CALGARY, March 28, 2018 /CNW/ – Connacher Oil and Gas Limited (“Connacher” or the “Company”) is pleased to announce that the Court of Queen’s Bench of Alberta (the “Court”) in Connacher’s Companies’ Creditors Arrangement Act (“CCAA”) proceeding has approved Connacher’s entry into a Support Agreement (the “Support Agreement”) with first lien lenders holding in excess of 75% of the principal amount of debt outstanding under the First Lien Credit Agreement dated as of May 23, 2014 (as amended) (the “First Lien Credit Agreement”) and the commencement of a new sale and investment solicitation process (the “SISP”).
The Support Agreement provides the foundation for Connacher’s exit from CCAA protection by securing majority first lien lender support for the commencement of a new SISP and the implementation of either a (i) “Superior Transaction” identified during the SISP, or (ii) pre-negotiated credit bid transaction to acquire the assets of Connacher (the “Credit Bid Transaction”) in the event that a Superior Transaction is not identified. The SISP procedures prohibit the first lien lenders from modifying their Credit Bid Transaction to compete with bidders in the SISP.
Connacher has engaged Houlihan Lokey Capital, Inc. (“Houlihan”) as financial advisor to conduct the SISP and solicit sale or investment proposals that provide net sale or investment proceeds of at least C$90,000,000, exclusive of Connacher’s cash on hand, plus an amount sufficient to pay all claims ranking pari passu or in priority to the obligations under the First Lien Credit Agreement (a “Superior Transaction”).
In light of the Company’s improved financial performance resulting from cost efficiencies realized during the CCAA process and the improvement in oil prices, Connacher believes that it is appropriate to exit from CCAA in the short term, either through a third party sale or investment transaction or a creditor-driven restructuring. Concurrent with the closing of the sale of the sliding scale royalty to Burgess Energy Holdings, L.L.C. on January 30, 2018, Connacher repaid in full its DIP financing in the amount of US$16,521,164. The Company’s cash balances as at March 26, 2018 were C$57,626,382.

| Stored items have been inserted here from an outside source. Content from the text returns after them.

(* If $(L,\alpha_L)$ is an $\alpha$-perfect Hom-Leibniz algebra, then the map $\mathrm{Aut}(L,\alpha_L)\to\{g\in\mathrm{Aut}(\mathfrak{uce}_\alpha(L),\overline{\alpha}):g(\mathrm{Ker}\,U_\alpha)=\mathrm{Ker}\,U_\alpha\}$, $h\mapsto\mathfrak{uce}_\alpha(h)$, is a group isomorphism.
   Context: Hom-Leibniz algebras are multiplicative: $(L,\alpha_L)$ is a $\mathbb{K}$-vector space with bilinear bracket and linear $\alpha_L$ such that $[\alpha_L(x),[y,z]]=[[x,y],\alpha_L(z)]-[[x,z],\alpha_L(y)]$ and $\alpha_L[x,y]=[\alpha_L(x),\alpha_L(y)]$; homomorphisms preserve brackets and commute with structure maps; $\mathrm{Aut}$ denotes the group of bijective homomorphisms. $(L,\alpha_L)$ is $\alpha$-perfect if $L=[\alpha_L(L),\alpha_L(L)]$. For $\alpha$-perfect $(L,\alpha_L)$: $I_L\subseteq\alpha_L(L)\otimes\alpha_L(L)$ is spanned by $-[x_1,x_2]\otimes\alpha_L(x_3)+[x_1,x_3]\otimes\alpha_L(x_2)+\alpha_L(x_1)\otimes[x_2,x_3]$; $\mathfrak{uce}_\alpha(L)=(\alpha_L(L)\otimes\alpha_L(L))/I_L$ with classes $\{\alpha_L(x_1),\alpha_L(x_2)\}$, bracket $[\{a,b\},\{c,e\}]=\{[a,b],[c,e]\}$, endomorphism $\overline{\alpha}\{\alpha_L(x_1),\alpha_L(x_2)\}=\{\alpha_L^2(x_1),\alpha_L^2(x_2)\}$, and $U_\alpha:\mathfrak{uce}_\alpha(L)\to L$, $U_\alpha\{a,b\}=[a,b]$. For $h\in\mathrm{Aut}(L,\alpha_L)$, $\mathfrak{uce}_\alpha(h)\{\alpha_L(x_1),\alpha_L(x_2)\}=\{\alpha_L(h(x_1)),\alpha_L(h(x_2))\}$. *)

theory Defs
  imports Complex_Main "HOL-Algebra.Group"
begin

text \<open>The underlying vector space is the whole type 'v with scalar multiplication s
  over the field 'k; br is the bracket and al the structure map alpha_L.\<close>

definition hom_leibniz ::
  "('k::field \<Rightarrow> 'v::ab_group_add \<Rightarrow> 'v) \<Rightarrow> ('v \<Rightarrow> 'v \<Rightarrow> 'v) \<Rightarrow> ('v \<Rightarrow> 'v) \<Rightarrow> bool" where
  "hom_leibniz s br al \<longleftrightarrow>
     vector_space s
   \<and> (\<forall>y. Vector_Spaces.linear s s (\<lambda>x. br x y))
   \<and> (\<forall>x. Vector_Spaces.linear s s (br x))
   \<and> Vector_Spaces.linear s s al
   \<and> (\<forall>x y z. br (al x) (br y z) = br (br x y) (al z) - br (br x z) (al y))
   \<and> (\<forall>x y. al (br x y) = br (al x) (al y))"

definition alpha_perfect ::
  "('k::field \<Rightarrow> 'v::ab_group_add \<Rightarrow> 'v) \<Rightarrow> ('v \<Rightarrow> 'v \<Rightarrow> 'v) \<Rightarrow> ('v \<Rightarrow> 'v) \<Rightarrow> bool" where
  "alpha_perfect s br al \<longleftrightarrow>
     module.span s {br (al x) (al y) | x y. True} = UNIV"

definition leib_hom ::
  "('k::field \<Rightarrow> 'v::ab_group_add \<Rightarrow> 'v) \<Rightarrow> ('v \<Rightarrow> 'v \<Rightarrow> 'v) \<Rightarrow> ('v \<Rightarrow> 'v) \<Rightarrow> ('v \<Rightarrow> 'v) \<Rightarrow> bool" where
  "leib_hom s br al h \<longleftrightarrow> Vector_Spaces.linear s s h
     \<and> (\<forall>x y. h (br x y) = br (h x) (h y)) \<and> (\<forall>x. h (al x) = al (h x))"

definition AutL ::
  "('k::field \<Rightarrow> 'v::ab_group_add \<Rightarrow> 'v) \<Rightarrow> ('v \<Rightarrow> 'v \<Rightarrow> 'v) \<Rightarrow> ('v \<Rightarrow> 'v) \<Rightarrow> ('v \<Rightarrow> 'v) monoid" where
  "AutL s br al = \<lparr>carrier = {h. leib_hom s br al h \<and> bij h}, mult = (\<circ>), one = id\<rparr>"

The SISP deadline for delivery of initial non-binding letters of intent is 12:00 p.m. (Mountain Time) on May 23, 2018. The timing and procedures governing the SISP, the terms of participation of prospective purchasers, and the criteria for the submission, evaluation and selection of bids are set out in the Court order approving the SISP dated March 28, 2018. For the relevant Court filings or for further information on the process please see the Monitor’s website at: www.ey.com/ca/connacheroilandgas. Parties or persons interested in participating in the SISP are invited to contact Justin Zammit at Houlihan by email at JZammit@HL.com.
The key features of the Credit Bid Transaction include (i) formation of a new entity (“Newco”) to acquire all or substantially all of Connacher’s assets; (ii) assumption by Newco of Connacher’s post-CCAA filing trade payables; (iii) offers of employment being made by Newco to all of Connacher’s employees; (iv) entry by Newco into a new senior secured facility (the “Newco Senior Secured Facility”); and (v) distribution of the shares of Newco and the obligations under the Newco Senior Secured Facility to the existing first lien lenders on the terms set out in the Support Agreement and related exhibits.
The Credit Bid Transaction or any Superior Transaction identified pursuant to the SISP will be subject to approval of the Court. Pursuant to the Support Agreement, Connacher expects to close a transaction by the end of August 2018.
Connacher is a Calgary-based in situ oil sands developer, producer, and marketer of bitumen. The Company holds a 100 per cent interest in approximately 447 million barrels of proved and probable bitumen reserves and operates two steam-assisted gravity drainage facilities located on the Company’s Great Divide oil sands leases near Fort McMurray, Alberta.